In this we are going to use K Nearest Neighbor and find the best K value using Grid Search CV and also using Kfold cross validation.

In [1]:
from sklearn.neighbors import KNeighborsClassifier

In [1]:
knn=KNeighborsClassifier(n_jobs=-1)

In [1]:
knn_neighbors={'n_neighbors':[1,2,3,4,5,6,7,8,9,10]}

In [1]:
from sklearn.model_selection import GridSearchCV

In [1]:
classifier=GridSearchCV(knn,param_grid=knn_neighbors,cv=kfold,verbose=0).fit(X_train,y_train)

In [1]:
classifier.best_params_

In [1]:
best_grid=classifier.best_estimator_

In [1]:
best_grid

In [1]:
predict=best_grid.predict(X_test)

In [1]:
print('Confusion Matrix:\n ',confusion_matrix(y_test,predict))
print('Classification Report:\n ',classification_report(y_test,predict))

We could see that our model has predicted wit 90% accuracy.

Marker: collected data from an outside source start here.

lemma domain_set_if_subring:
  fixes R :: "'a::division_ring set"
  assumes "subring R"
  shows "domain_set R"
proof -
  have "1 + - 1 \<in> R"
    using assms unfolding subring_def by blast
  then show ?thesis
    using assms unfolding subring_def domain_set_def by simp
qed

lemma center_inverse:
  assumes "(x :: 'a::division_ring) \<in> center"
  shows "inverse x \<in> center"
proof (rule centerI)
  fix y
  have "x \<in> {w. y * w = w * y}" using centerD[OF assms, of y] by simp
  then have "inverse x \<in> {w. y * w = w * y}"
    using division_subring_centralizer[of y] unfolding division_subring_def by blast
  then show "inverse x * y = y * inverse x" by simp
qed

definition central_span :: "'a::ring_1 set \<Rightarrow> 'a set" where
  "central_span B = {\<Sum>b\<in>B. c b * b | c. \<forall>b\<in>B. c b \<in> center}"

lemma central_spanI: "(\<And>b. b \<in> B \<Longrightarrow> c b \<in> center) \<Longrightarrow> (\<Sum>b\<in>B. c b * b) \<in> central_span B"
  unfolding central_span_def by blast

lemma central_spanE:
  assumes "x \<in> central_span B"
  obtains c where "\<forall>b. c b \<in> center" "x = (\<Sum>b\<in>B. c b * b)"
proof -
  obtain c where c: "\<forall>b\<in>B. c b \<in> center" "x = (\<Sum>b\<in>B. c b * b)"
    using assms unfolding central_span_def by blast
  show ?thesis
    by (rule that[of "\<lambda>b. if b \<in> B then c b else 0"]) (use c in auto)
qed

lemma central_span_0: "0 \<in> central_span B"
  using central_spanI[of B "\<lambda>_. 0"] by simp

lemma central_span_empty: "central_span {} = {0}"
  unfolding central_span_def by auto

lemma central_span_add:
  assumes "x \<in> central_span B" "y \<in> central_span B"
  shows "x + y \<in> central_span B"
proof -
  obtain c where "\<forall>b. c b \<in> center" "x = (\<Sum>b\<in>B. c b * b)"
    using assms(1) by (rule central_spanE)
  moreover obtain d where "\<forall>b. d b \<in> center" "y = (\<Sum>b\<in>B. d b * b)"
    using assms(2) by (rule central_spanE)
  ultimately show ?thesis
    using central_spanI[of B "\<lambda>b. c b + d b"]
    by (simp add: center_add distrib_right sum.distrib)
qed

lemma central_span_scale:
  assumes "k \<in> center" "x \<in> central_span B"
  shows "k * x \<in> central_span B"
proof -
  obtain c where "\<forall>b. c b \<in> center" "x = (\<Sum>b\<in>B. c b * b)"
    using assms(2) by (rule central_spanE)
  then show ?thesis
    using central_spanI[of B "\<lambda>b. k * c b"] assms(1)
    by (simp add: center_mult sum_distrib_left mult.assoc)
qed

lemma central_span_uminus: "x \<in> central_span B \<Longrightarrow> - x \<in> central_span B"
  using central_span_scale[of "-1" x B] center_uminus[OF center_1] by simp

lemma central_span_diff: "x \<in> central_span B \<Longrightarrow> y \<in> central_span B \<Longrightarrow> x - y \<in> central_span B"
  using central_span_add[of x B "- y"] central_span_uminus[of y B] by simp

lemma central_span_sum:
  "(\<And>i. i \<in> I \<Longrightarrow> f i \<in> central_span B) \<Longrightarrow> sum f I \<in> central_span B"
  by (induction I rule: infinite_finite_induct) (auto intro: central_span_add central_span_0)
theorem theorem5p4:
  fixes S :: "'a::{finite,field} set"
    and enc :: "'a \<Rightarrow> nat"
  assumes enc: "bij_betw enc UNIV {0..<CARD('a)}"
    and S0: "0 \<notin> S"
    and Ssum: "\<forall>i\<in>S. \<forall>j\<in>S. i \<noteq> j \<longrightarrow> i + j \<noteq> 0"
    and Sprod: "\<forall>i\<in>S. \<forall>j\<in>S. i \<noteq> j \<longrightarrow> i * j \<noteq> - 1"
  shows "(\<forall>i\<in>S. sudoku_flag (Zflag i)) \<and>
    (\<forall>M :: 'a \<Rightarrow> 'a loc \<Rightarrow> nat. (\<forall>i\<in>S. generated_by (M i) (Zflag i)) \<longrightarrow>
       inj_on M S \<and>
       (\<forall>e. bij_betw e {1..card S} S \<longrightarrow> strongly_orthogonal enc (card S) (\<lambda>k. M (e k))))"
proof (intro conjI ballI allI impI)
  show "sudoku_flag (Zflag i)" if "i \<in> S" for i
    using that S0 by (intro sudoku_flag_Zflag) auto
  have adm: "admissible S"
    using S0 Ssum Sprod by (simp add: admissible_def)
  fix M :: "'a \<Rightarrow> 'a loc \<Rightarrow> nat"
  assume gen: "\<forall>i\<in>S. generated_by (M i) (Zflag i)"
  show "inj_on M S"
  proof (rule inj_onI)
    fix i j assume "i \<in> S" "j \<in> S" "M i = M j"
    then show "i = j"
      using gen S0 generated_by_Zflag_unique[of "M i" i j] by fastforce
  qed
  fix e assume e: "bij_betw e {1..card S} S"
  then have gen_e: "\<forall>k\<in>{1..card S}. generated_by (M (e k)) (Zflag (e k))"
    using gen by (simp add: bij_betw_apply)
  have "ooa 4 (card S + 2) CARD('a) UNIV (assoc_array enc (\<lambda>k. M (e k)))"
    using ooa_assoc_array[OF adm enc bij_betw_imp_inj_on[OF e] _ gen_e] e
    by (simp add: bij_betw_def)
  then show "strongly_orthogonal enc (card S) (\<lambda>k. M (e k))"
    using gen_e ooa_assoc_array_imp_orthogonal
    unfolding strongly_orthogonal_def generated_by_def by blast
qed

end
(* Let $G$ be a finite group and let $p,q$ be distinct primes dividing $|G|$. Let $m,n$ be positive integers and suppose that $|G| = p^i q^n$ for some integer $i$ with $1 \le i \le m$. If $p \nmid q^n - 1$ and $q \nmid p^{\gcd([m],\, q-1)} - 1$, then $G$ has an abelian subgroup of order $pq$.
   Context: For a positive integer $m$, $[m]$ denotes the least common multiple of $1,2,\dots,m$, i.e. $[m] = \operatorname{lcm}(1,2,\dots,m)$. $\gcd(a,b)$ denotes the greatest common divisor. *)

theory Defs
  imports "HOL-Algebra.Algebra"
begin

text \<open>[m] = lcm(1,2,...,m)\<close>
definition lcm_upto :: "nat \<Rightarrow> nat" where
  "lcm_upto m = Lcm {1..m}"

end

(* Let Q be a Sylow q-subgroup and N its normalizer. Letting Q act on its right cosets, the
   fixed cosets are those inside N, so p^i = |G : Q| == |N : Q| = p^j (mod q). Then
   p^(i-j) == 1 (mod q), and the order of p modulo q divides both i - j <= m and q - 1,
   hence gcd([m], q - 1); the hypothesis on q forces j = i, i.e. Q is normal.
   A Sylow p-subgroup P then acts on Q by conjugation, and q^n = |Q| == |C_Q(P)| (mod p) with
   p not dividing q^n - 1 yields some y /= 1 in Q centralising P. Powers of y and of any
   x /= 1 in P are commuting elements of orders q and p; their product generates a cyclic
   subgroup of order pq. *)

theory Submission
  imports Defs "HOL-Number_Theory.Number_Theory"
begin
definition potts_f :: "nat \<Rightarrow> nat \<Rightarrow> real \<Rightarrow> real \<Rightarrow> real \<Rightarrow> real" where
  "potts_f q d \<beta> B r =
     B + (real d - 1) * ln ((exp (\<beta> + r) + real q - 1) / (exp r + exp \<beta> + real q - 2))"

definition fixed_points :: "nat \<Rightarrow> nat \<Rightarrow> real \<Rightarrow> real \<Rightarrow> real set" where
  "fixed_points q d \<beta> B = {r. potts_f q d \<beta> B r = r}"

text \<open>Smooth (C-infinity) on a set S: every iterated derivative is differentiable at every point of S
  (intended for open S).\<close>
definition smooth_on :: "real set \<Rightarrow> (real \<Rightarrow> real) \<Rightarrow> bool" where
  "smooth_on S g \<longleftrightarrow> (\<forall>k. \<forall>x\<in>S. ((deriv ^^ k) g) differentiable (at x))"

end

theory Submission
  imports Defs "HOL-Library.Quadratic_Discriminant"
begin
lemma grid_mesh_attained:
  obtains i where "i < 2 ^ k" "grid_mesh g k = dist (g k i) (g k (Suc i))"
proof -
  have "grid_mesh g k \<in> (\<lambda>i. dist (g k i) (g k (Suc i))) ` {..<2 ^ k}"
    unfolding grid_mesh_def by (rule Max_in) (auto simp: lessThan_empty_iff)
  then show ?thesis
    using that by auto
qed

lemma dyadic_grid_mesh_Suc_le:
  assumes "a \<in> S" "b \<in> S" "\<And>x y. x \<in> S \<Longrightarrow> y \<in> S \<Longrightarrow> ch x y \<in> S" "\<And>x. ch x x = x"
    and ch_dist: "\<And>x y. x \<in> S \<Longrightarrow> y \<in> S \<Longrightarrow> x \<noteq> y \<Longrightarrow>
        dist x (ch x y) \<le> \<phi> (dist x y) \<and> dist (ch x y) y \<le> \<phi> (dist x y)"
    and \<phi>_mono: "\<And>\<eta> \<eta>'. 0 < \<eta> \<Longrightarrow> \<eta> \<le> \<eta>' \<Longrightarrow> \<eta>' \<le> D \<Longrightarrow> \<phi> \<eta> \<le> \<phi> \<eta>'"
    and \<phi>_le: "\<And>\<eta>. 0 < \<eta> \<Longrightarrow> \<eta> \<le> D \<Longrightarrow> 0 \<le> \<phi> \<eta> \<and> \<phi> \<eta> \<le> \<eta>"
    and "grid_mesh (dyadic_grid ch a b) k \<le> D"
  shows "grid_mesh (dyadic_grid ch a b) (Suc k) \<le> grid_mesh (dyadic_grid ch a b) k"
    and "0 < grid_mesh (dyadic_grid ch a b) k \<Longrightarrow>
      grid_mesh (dyadic_grid ch a b) (Suc k) \<le> \<phi> (grid_mesh (dyadic_grid ch a b) k)"
proof -
  let ?g = "dyadic_grid ch a b" and ?M = "grid_mesh (dyadic_grid ch a b)"
  obtain j where j: "j < 2 ^ Suc k" "?M (Suc k) = dist (?g (Suc k) j) (?g (Suc k) (Suc j))"
    by (rule grid_mesh_attained)
  define x where "x = ?g k (j div 2)"
  define y where "y = ?g k (Suc (j div 2))"
  have "j div 2 < 2 ^ k"
    using j(1) by (simp add: less_mult_imp_div_less)
  then have "x \<in> S" "y \<in> S" and xy_le: "dist x y \<le> ?M k"
    using assms(1-3) by (auto simp: x_def y_def intro: dyadic_grid_in dist_le_grid_mesh)
  have "0 \<le> ?M k"
    using xy_le zero_le_dist order_trans by blast
  have M_Suc: "?M (Suc k) = (if even j then dist x (ch x y) else dist (ch x y) y)"
    using j(2) by (auto simp: x_def y_def)
  show "?M (Suc k) \<le> ?M k" "0 < ?M k \<Longrightarrow> ?M (Suc k) \<le> \<phi> (?M k)"
  proof (atomize (full), cases "x = y")
    case True
    then have "?M (Suc k) = 0"
      using M_Suc assms(4) by simp
    then show "?M (Suc k) \<le> ?M k \<and> (0 < ?M k \<longrightarrow> ?M (Suc k) \<le> \<phi> (?M k))"
      using \<open>0 \<le> ?M k\<close> \<phi>_le assms(8) by auto
  next
    case False
    then have "?M (Suc k) \<le> \<phi> (dist x y)"
      using M_Suc ch_dist[OF \<open>x \<in> S\<close> \<open>y \<in> S\<close>] by auto
    moreover have "\<phi> (dist x y) \<le> dist x y" "\<phi> (dist x y) \<le> \<phi> (?M k)"
      using False xy_le assms(8) \<phi>_le \<phi>_mono by auto
    ultimately show "?M (Suc k) \<le> ?M k \<and> (0 < ?M k \<longrightarrow> ?M (Suc k) \<le> \<phi> (?M k))"
      using xy_le by linarith
  qed
qed

lemma contracting_tendsto_zero:
  fixes M :: "nat \<Rightarrow> real"
  assumes "decseq M" "\<And>k. 0 \<le> M k" "M 0 \<le> D"
    and step: "\<And>k. 0 < M k \<Longrightarrow> M (Suc k) \<le> \<phi> (M k)"
    and \<phi>: "\<And>L. 0 < L \<Longrightarrow> L \<le> D \<Longrightarrow> \<exists>u>L. \<exists>c>0. \<forall>\<eta>. L \<le> \<eta> \<and> \<eta> < u \<longrightarrow> \<phi> \<eta> \<le> \<eta> - c"
  shows "M \<longlonglongrightarrow> 0"
proof -
  obtain L where L: "M \<longlonglongrightarrow> L" "\<And>k. L \<le> M k"
    using decseq_convergent[OF assms(1), of 0] assms(2) by auto
  have "L \<le> 0"
  proof (rule ccontr)
    assume "\<not> L \<le> 0"
    moreover have "L \<le> D"
      using L(2)[of 0] assms(3) by simp
    ultimately obtain u c where u: "L < u" "c > 0" "\<And>\<eta>. L \<le> \<eta> \<Longrightarrow> \<eta> < u \<Longrightarrow> \<phi> \<eta> \<le> \<eta> - c"
      using \<phi>[of L] by auto
    have "\<forall>\<^sub>F k in sequentially. M k < u"
      using L(1) u(1) by (rule order_tendstoD(2))
    then have "\<forall>\<^sub>F k in sequentially. M (Suc k) \<le> M k - c"
    proof eventually_elim
      case (elim k)
      have "0 < M k"
        using L(2)[of k] \<open>\<not> L \<le> 0\<close> by linarith
      then show ?case
        using step[of k] u(3)[of "M k"] L(2)[of k] elim by linarith
    qed
    moreover have "(\<lambda>k. M (Suc k)) \<longlonglongrightarrow> L" "(\<lambda>k. M k - c) \<longlonglongrightarrow> L - c"
      using L(1) by (auto intro: LIMSEQ_Suc tendsto_intros)
    ultimately have "L \<le> L - c"
      by (intro tendsto_le[OF sequentially_bot])
    then show False
      using u(2) by simp
  qed
  moreover have "0 \<le> L"
    using L(1) assms(2) by (intro LIMSEQ_le_const) auto
  ultimately show ?thesis
    using L(1) by simp
qed

text \<open>Here \<open>ch\<close> fills the dyadic grids. Its last property keeps the refinements of a grid
  cell close to the cell; the contraction \<open>\<phi>\<close> makes the mesh of the grids tend to zero.\<close>
lemma path_connected_if_approx_midpoints:
  fixes S :: "'a::complete_space set"
  assumes "closed S" "R > 0" and diam: "\<And>x y. x \<in> S \<Longrightarrow> y \<in> S \<Longrightarrow> dist x y \<le> D"
    and ch_in: "\<And>x y. x \<in> S \<Longrightarrow> y \<in> S \<Longrightarrow> ch x y \<in> S" and ch_eq: "\<And>x. ch x x = x"
    and ch_dist: "\<And>x y. x \<in> S \<Longrightarrow> y \<in> S \<Longrightarrow> x \<noteq> y \<Longrightarrow>
        dist x (ch x y) \<le> \<phi> (dist x y) \<and> dist (ch x y) y \<le> \<phi> (dist x y)"
    and ch_cball: "\<And>c r x y. r \<le> R \<Longrightarrow> x \<in> S \<Longrightarrow> y \<in> S \<Longrightarrow> x \<in> cball c r \<Longrightarrow> y \<in> cball c r
        \<Longrightarrow> ch x y \<in> cball c r"
    and \<phi>_mono: "\<And>\<eta> \<eta>'. 0 < \<eta> \<Longrightarrow> \<eta> \<le> \<eta>' \<Longrightarrow> \<eta>' \<le> D \<Longrightarrow> \<phi> \<eta> \<le> \<phi> \<eta>'"
    and \<phi>_le: "\<And>\<eta>. 0 < \<eta> \<Longrightarrow> \<eta> \<le> D \<Longrightarrow> 0 \<le> \<phi> \<eta> \<and> \<phi> \<eta> \<le> \<eta>"
    and \<phi>_contract: "\<And>L. 0 < L \<Longrightarrow> L \<le> D \<Longrightarrow> \<exists>u>L. \<exists>c>0. \<forall>\<eta>. L \<le> \<eta> \<and> \<eta> < u \<longrightarrow> \<phi> \<eta> \<le> \<eta> - c"
  shows "path_connected S"
  unfolding path_connected_def
proof (intro ballI)
  fix a b assume ab: "a \<in> S" "b \<in> S"
  define g where "g = dyadic_grid ch a b"
  define M where "M = grid_mesh g"
  have g_in: "g k i \<in> S" if "i \<le> 2 ^ k" for k i
    unfolding g_def using ab ch_in that by (rule dyadic_grid_in)
  have M_le: "M k \<le> D" for k
  proof -
    obtain i where "i < 2 ^ k" "M k = dist (g k i) (g k (Suc i))"
      unfolding M_def by (rule grid_mesh_attained)
    then show ?thesis
      using diam g_in by simp
  qed
  note mesh_Suc = dyadic_grid_mesh_Suc_le[OF ab ch_in ch_eq ch_dist \<phi>_mono \<phi>_le M_le[unfolded M_def g_def]]
  have step: "dist (g k i) (g k (Suc i)) \<le> M k" if "i < 2 ^ k" for k i
    unfolding M_def using that by (rule dist_le_grid_mesh)
  have "M \<longlonglongrightarrow> 0"
  proof (rule contracting_tendsto_zero[where D = D])
    show "decseq M"
      using mesh_Suc(1) by (intro decseq_SucI) (simp add: M_def g_def)
    show "0 \<le> M k" for k
      using step[of 0 k] by (simp add: order_trans[OF zero_le_dist])
    show "M (Suc k) \<le> \<phi> (M k)" if "0 < M k" for k
      using that mesh_Suc(2) by (simp add: M_def g_def)
  qed (use M_le \<phi>_contract in auto)
  moreover have "\<forall>\<^sub>F k in sequentially. \<forall>m i j. i < 2 ^ k \<longrightarrow> i * 2 ^ m \<le> j \<longrightarrow>
      j \<le> Suc i * 2 ^ m \<longrightarrow> dist (g (k + m) j) (g k i) \<le> M k"
    using order_tendstoD(2)[OF \<open>M \<longlonglongrightarrow> 0\<close> \<open>R > 0\<close>]
  proof eventually_elim
    case (elim k)
    show ?case
    proof (intro allI impI)
      fix m i j assume ij: "i < 2 ^ k" "i * 2 ^ m \<le> j" "j \<le> Suc i * 2 ^ m"
      have "dist (g k i) (g k (Suc i)) \<le> M k"
        using step ij(1) by blast
      moreover from this have "dist (g (k + m) j) (g k i) \<le> dist (g k i) (g k (Suc i))"
        unfolding g_def using ab ch_in ch_cball elim ij by (intro dist_dyadic_grid_refinement_le) auto
      ultimately show "dist (g (k + m) j) (g k i) \<le> M k"
        by linarith
    qed
  qed
  ultimately show "\<exists>p. path p \<and> path_image p \<subseteq> S \<and> pathstart p = a \<and> pathfinish p = b"
    using \<open>closed S\<close> g_in step
    by (intro path_from_dyadic_grids[where g = g and M = M])
      (auto simp: g_def dyadic_grid_first dyadic_grid_last)
qed

section \<open>Intersections with small balls\<close>

lemma diameter_Int_cball_le:
  fixes A :: "'a::real_normed_vector set"
  assumes "0 \<le> r"
  shows "diameter (A \<inter> cball x r) \<le> 2 * r"
proof (rule diameter_le)
  fix y1 y2 assume "y1 \<in> A \<inter> cball x r" "y2 \<in> A \<inter> cball x r"
  then show "norm (y1 - y2) \<le> 2 * r"
    using dist_triangle3[of y1 y2 x] by (simp add: dist_norm)
qed (use assms in simp)

lemma weakly_convex_on_if_modnonconv_le:
  assumes "weakly_convex_on A D" "D' \<le> D"
    and "\<And>\<epsilon>. 0 < \<epsilon> \<Longrightarrow> \<epsilon> < D' \<Longrightarrow> modnonconv S \<epsilon> \<le> modnonconv A \<epsilon>"
  shows "weakly_convex_on S D'"
  using assms unfolding weakly_convex_on_def by (meson le_less_trans less_le_trans)

lemma gamma0_Int_cball_le:
  fixes A :: "'a::real_normed_vector set"
  assumes "0 < d" "r \<le> d" "0 < t"
    and dom: "\<And>\<eta>. 0 < \<eta> \<Longrightarrow> \<eta> \<le> 2 * r \<Longrightarrow> gamma0 A \<eta> < d * modconv TYPE('a) (\<eta> / d)"
  shows "gamma0 (A \<inter> cball x r) t \<le> gamma0 A t"
proof (rule dense_ge)
  fix \<gamma> assume "gamma0 A t < \<gamma>"
  then have "0 < \<gamma>"
    using gamma0_nonneg[OF \<open>0 < t\<close>, of A] by linarith
  have "cball (midpoint y1 y2) \<gamma> \<inter> (A \<inter> cball x r) \<noteq> {}"
    if y: "y1 \<in> A \<inter> cball x r" "y2 \<in> A \<inter> cball x r" "norm (y1 - y2) \<le> t" for y1 y2
  proof (cases "y1 = y2")
    case True
    then have "y1 \<in> cball (midpoint y1 y2) \<gamma> \<inter> (A \<inter> cball x r)"
      using y \<open>0 < \<gamma>\<close> by simp
    then show ?thesis
      by blast
  next
    case False
    define \<eta> where "\<eta> = norm (y1 - y2)"
    have "dist x y1 \<le> r" "dist x y2 \<le> r"
      using y(1,2) by simp_all
    then have "0 < \<eta>" "\<eta> \<le> 2 * r"
      using False dist_triangle3[of y1 y2 x] by (simp_all add: \<eta>_def dist_norm)
    moreover have "gamma0 A \<eta> \<le> gamma0 A t"
      using \<open>0 < \<eta>\<close> y(3) by (simp add: \<eta>_def gamma0_mono)
    ultimately have less: "gamma0 A \<eta> < min \<gamma> (d * modconv TYPE('a) (\<eta> / d))"
      using \<open>gamma0 A t < \<gamma>\<close> dom by simp
    have "y1 \<in> A" "y2 \<in> A" "norm (y1 - y2) \<le> \<eta>"
      using y by (simp_all add: \<eta>_def)
    then obtain p where "p \<in> A" and p: "dist p (midpoint y1 y2) < min \<gamma> (d * modconv TYPE('a) (\<eta> / d))"
      using \<open>0 < \<eta>\<close> less by (rule gamma0_less_imp_near_midpoint)
    have "dist p (midpoint y1 y2) < d * modconv TYPE('a) (norm (y1 - y2) / d)"
      using p by (simp add: \<eta>_def)
    moreover have "y1 \<in> cball x r" "y2 \<in> cball x r"
      using y(1,2) by simp_all
    ultimately have "p \<in> cball x r"
      using assms(1,2) near_midpoint_in_cball by blast
    moreover have "p \<in> cball (midpoint y1 y2) \<gamma>"
      using p by (simp add: dist_commute)
    ultimately show ?thesis
      using \<open>p \<in> A\<close> by blast
  qed
  then have "\<gamma> \<in> approx_midpoint_radii (A \<inter> cball x r) t"
    using \<open>0 < \<gamma>\<close> by (simp add: approx_midpoint_radii_def)
  then show "gamma0 (A \<inter> cball x r) t \<le> \<gamma>"
    unfolding gamma0_eq_Inf by (rule cInf_lower[OF _ bdd_below_approx_midpoint_radii])
qed

lemma modnonconv_Int_cball_le:
  fixes A :: "'a::real_normed_vector set"
  assumes "0 < d" "r \<le> d" "0 \<le> \<epsilon>"
    and "\<And>\<eta>. 0 < \<eta> \<Longrightarrow> \<eta> \<le> 2 * r \<Longrightarrow> gamma0 A \<eta> < d * modconv TYPE('a) (\<eta> / d)"
  shows "modnonconv (A \<inter> cball x r) \<epsilon> \<le> modnonconv A \<epsilon>"
  using assms by (intro modnonconv_le_modnonconv gamma0_Int_cball_le) auto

**Using Descision Tree with Kfold CV**

In [1]:
from sklearn.tree import DecisionTreeClassifier

In [1]:
df_tree=DecisionTreeClassifier(random_state=0)

In [1]:
df_model=df_tree.fit(X_train,y_train)

In [1]:
df_pred=df_model.predict(X_test)

In [1]:
print('Confusion Matrix:\n ',confusion_matrix(y_test,df_pred))
print('Classification Report:\n ',classification_report(y_test,df_pred))

We could see that our model has predicted with 80% accuracy.

Using kfold Cross validation with descision tree model.

In [1]:
score=cross_val_score(df_model,X,y,scoring='accuracy',cv=kfold,n_jobs=-1)

In [1]:
print('Accuracy: %.3f (%.3f)' % (np.mean(score), np.std(score)))

**Using Random Forest**

In [1]:
from sklearn.ensemble import RandomForestClassifier

In [1]:
rf=RandomForestClassifier()

In [1]:
rf_model = rf.fit(X_train,y_train)

In [1]:
rf_pred=rf_model.predict(X_test)


In [1]:
print('Confusion Matrix:\n ',confusion_matrix(y_test,rf_pred))
print('Classification Report:\n ',classification_report(y_test,rf_pred))

We have got 90% accuracy.

Using Kfold CV in random forest model

In [1]:
s=cross_val_score(rf_model,X,y,scoring='accuracy',cv=kfold,n_jobs=-1)

In [1]:
print('Accuracy: %.3f (%.3f)' % (np.mean(s), np.std(s)))

We could get 87% accuracy.

**Using XGBoost**

In [1]:
import xgboost as xgb

In [1]:
xg_boost=xgb.XGBClassifier()
xg_model=xg_boost.fit(X_train,y_train)

In [1]:
xg_pred=xg_model.predict(X_test)

In [1]:
print('Confusion Matrix:\n ',confusion_matrix(y_test,xg_pred))
print('Classification Report:\n ',classification_report(y_test,xg_pred))

We could see that our model has aquired 86% accuracy

From all the regression techniques we have tried we got 90% accuracy but when we keenly observe we could see that our precision,recall ,f1 score all of its percentage has been increased.